→ What you should do: Every line between the top of the data below and the line with "h) *\<^sub>R c))", both ends included, must be retyped exactly.

→ Saved entries:
------------------------------------------------------------------------

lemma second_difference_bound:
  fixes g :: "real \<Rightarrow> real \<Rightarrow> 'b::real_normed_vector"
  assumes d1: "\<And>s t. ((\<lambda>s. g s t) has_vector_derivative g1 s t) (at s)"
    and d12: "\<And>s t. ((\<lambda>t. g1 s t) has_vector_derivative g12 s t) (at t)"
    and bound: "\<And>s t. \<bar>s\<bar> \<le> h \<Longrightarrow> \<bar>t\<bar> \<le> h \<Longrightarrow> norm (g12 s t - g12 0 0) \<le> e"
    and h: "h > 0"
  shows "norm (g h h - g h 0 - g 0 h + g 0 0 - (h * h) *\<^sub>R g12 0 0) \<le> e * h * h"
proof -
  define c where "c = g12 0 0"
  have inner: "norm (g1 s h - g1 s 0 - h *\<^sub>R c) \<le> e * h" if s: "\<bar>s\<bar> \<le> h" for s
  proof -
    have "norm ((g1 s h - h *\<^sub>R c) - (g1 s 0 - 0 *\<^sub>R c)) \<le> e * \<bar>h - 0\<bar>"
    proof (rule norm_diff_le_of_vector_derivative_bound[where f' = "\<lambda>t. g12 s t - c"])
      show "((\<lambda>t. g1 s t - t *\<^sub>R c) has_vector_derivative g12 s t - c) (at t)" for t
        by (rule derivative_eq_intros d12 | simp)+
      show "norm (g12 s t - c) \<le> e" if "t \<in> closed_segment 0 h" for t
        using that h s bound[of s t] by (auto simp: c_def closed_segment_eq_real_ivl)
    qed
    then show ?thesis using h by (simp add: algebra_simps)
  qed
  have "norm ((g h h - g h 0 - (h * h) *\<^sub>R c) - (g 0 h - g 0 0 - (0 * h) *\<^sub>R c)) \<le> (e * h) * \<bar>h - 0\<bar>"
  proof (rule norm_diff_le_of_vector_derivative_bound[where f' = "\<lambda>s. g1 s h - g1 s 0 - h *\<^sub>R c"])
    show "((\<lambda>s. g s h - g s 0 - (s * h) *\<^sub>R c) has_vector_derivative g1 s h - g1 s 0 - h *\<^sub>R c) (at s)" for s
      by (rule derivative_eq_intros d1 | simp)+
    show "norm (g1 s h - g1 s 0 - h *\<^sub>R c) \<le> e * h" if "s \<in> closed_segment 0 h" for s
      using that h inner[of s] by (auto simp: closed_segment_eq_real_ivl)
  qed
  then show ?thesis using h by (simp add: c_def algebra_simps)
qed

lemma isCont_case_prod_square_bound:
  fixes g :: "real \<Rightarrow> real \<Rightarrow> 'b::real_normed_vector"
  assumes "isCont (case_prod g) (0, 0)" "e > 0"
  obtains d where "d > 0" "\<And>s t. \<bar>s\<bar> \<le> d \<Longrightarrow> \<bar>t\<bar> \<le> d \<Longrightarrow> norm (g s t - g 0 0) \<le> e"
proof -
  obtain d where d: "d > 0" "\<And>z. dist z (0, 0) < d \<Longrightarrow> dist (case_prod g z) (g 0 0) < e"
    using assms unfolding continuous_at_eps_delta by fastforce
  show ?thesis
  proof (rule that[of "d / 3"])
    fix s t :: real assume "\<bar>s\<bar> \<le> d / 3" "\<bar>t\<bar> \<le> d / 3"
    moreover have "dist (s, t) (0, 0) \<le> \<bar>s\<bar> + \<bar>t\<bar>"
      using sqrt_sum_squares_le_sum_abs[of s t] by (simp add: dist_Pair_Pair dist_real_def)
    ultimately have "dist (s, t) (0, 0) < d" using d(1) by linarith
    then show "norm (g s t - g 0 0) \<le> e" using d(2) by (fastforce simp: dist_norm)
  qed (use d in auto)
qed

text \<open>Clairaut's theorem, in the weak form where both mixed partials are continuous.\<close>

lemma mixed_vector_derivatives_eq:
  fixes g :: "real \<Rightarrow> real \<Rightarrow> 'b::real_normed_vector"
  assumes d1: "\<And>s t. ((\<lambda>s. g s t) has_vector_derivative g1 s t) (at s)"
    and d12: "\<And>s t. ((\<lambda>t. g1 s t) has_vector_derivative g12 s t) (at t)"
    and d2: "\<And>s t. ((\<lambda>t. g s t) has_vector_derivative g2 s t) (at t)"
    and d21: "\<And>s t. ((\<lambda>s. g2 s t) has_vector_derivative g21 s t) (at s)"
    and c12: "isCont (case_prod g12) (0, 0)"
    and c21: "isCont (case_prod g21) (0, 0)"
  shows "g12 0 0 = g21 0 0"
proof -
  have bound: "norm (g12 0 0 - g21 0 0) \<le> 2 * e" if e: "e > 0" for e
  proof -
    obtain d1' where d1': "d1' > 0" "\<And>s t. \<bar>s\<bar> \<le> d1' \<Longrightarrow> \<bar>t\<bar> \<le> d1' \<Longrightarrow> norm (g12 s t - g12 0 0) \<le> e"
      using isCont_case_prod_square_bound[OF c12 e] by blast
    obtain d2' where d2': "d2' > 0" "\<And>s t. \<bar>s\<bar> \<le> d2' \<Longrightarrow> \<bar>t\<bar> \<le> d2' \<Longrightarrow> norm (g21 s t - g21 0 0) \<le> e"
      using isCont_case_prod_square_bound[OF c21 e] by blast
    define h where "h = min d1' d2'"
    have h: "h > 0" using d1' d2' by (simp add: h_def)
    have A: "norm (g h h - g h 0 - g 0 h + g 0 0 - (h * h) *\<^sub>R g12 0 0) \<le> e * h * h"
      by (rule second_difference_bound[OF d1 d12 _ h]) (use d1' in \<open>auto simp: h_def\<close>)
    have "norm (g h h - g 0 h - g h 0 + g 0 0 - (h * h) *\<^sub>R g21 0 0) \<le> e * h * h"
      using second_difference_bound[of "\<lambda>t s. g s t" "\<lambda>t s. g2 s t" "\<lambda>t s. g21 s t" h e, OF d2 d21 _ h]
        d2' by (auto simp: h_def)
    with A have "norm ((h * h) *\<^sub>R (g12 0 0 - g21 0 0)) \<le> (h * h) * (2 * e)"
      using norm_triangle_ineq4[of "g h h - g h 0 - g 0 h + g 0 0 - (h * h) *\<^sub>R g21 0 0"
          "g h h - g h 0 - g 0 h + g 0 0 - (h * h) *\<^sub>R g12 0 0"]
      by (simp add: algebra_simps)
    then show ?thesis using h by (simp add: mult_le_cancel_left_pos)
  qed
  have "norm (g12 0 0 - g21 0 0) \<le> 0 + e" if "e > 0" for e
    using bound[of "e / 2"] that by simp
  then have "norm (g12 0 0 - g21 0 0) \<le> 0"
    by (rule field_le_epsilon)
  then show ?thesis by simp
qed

------------------------------------------------------------------------

→ Task output:
lemma second_difference_bound:
  fixes g :: "real \<Rightarrow> real \<Rightarrow> 'b::real_normed_vector"
  assumes d1: "\<And>s t. ((\<lambda>s. g s t) has_vector_derivative g1 s t) (at s)"
    and d12: "\<And>s t. ((\<lambda>t. g1 s t) has_vector_derivative g12 s t) (at t)"
    and bound: "\<And>s t. \<bar>s\<bar> \<le> h \<Longrightarrow> \<bar>t\<bar> \<le> h \<Longrightarrow> norm (g12 s t - g12 0 0) \<le> e"
    and h: "h > 0"
  shows "norm (g h h - g h 0 - g 0 h + g 0 0 - (h * h) *\<^sub>R g12 0 0) \<le> e * h * h"
proof -
  define c where "c = g12 0 0"
  have inner: "norm (g1 s h - g1 s 0 - h *\<^sub>R c) \<le> e * h" if s: "\<bar>s\<bar> \<le> h" for s
  proof -
    have "norm ((g1 s h - h *\<^sub>R c) - (g1 s 0 - 0 *\<^sub>R c)) \<le> e * \<bar>h - 0\<bar>"
    proof (rule norm_diff_le_of_vector_derivative_bound[where f' = "\<lambda>t. g12 s t - c"])
      show "((\<lambda>t. g1 s t - t *\<^sub>R c) has_vector_derivative g12 s t - c) (at t)" for t
        by (rule derivative_eq_intros d12 | simp)+
      show "norm (g12 s t - c) \<le> e" if "t \<in> closed_segment 0 h" for t
        using that h s bound[of s t] by (auto simp: c_def closed_segment_eq_real_ivl)
    qed
    then show ?thesis using h by (simp add: algebra_simps)
  qed
  have "norm ((g h h - g h 0 - (h * h) *\<^sub>R c) - (g 0 h - g 0 0 - (0 * h) *\<^sub>R c)) \<le> (e * h) * \<bar>h - 0\<bar>"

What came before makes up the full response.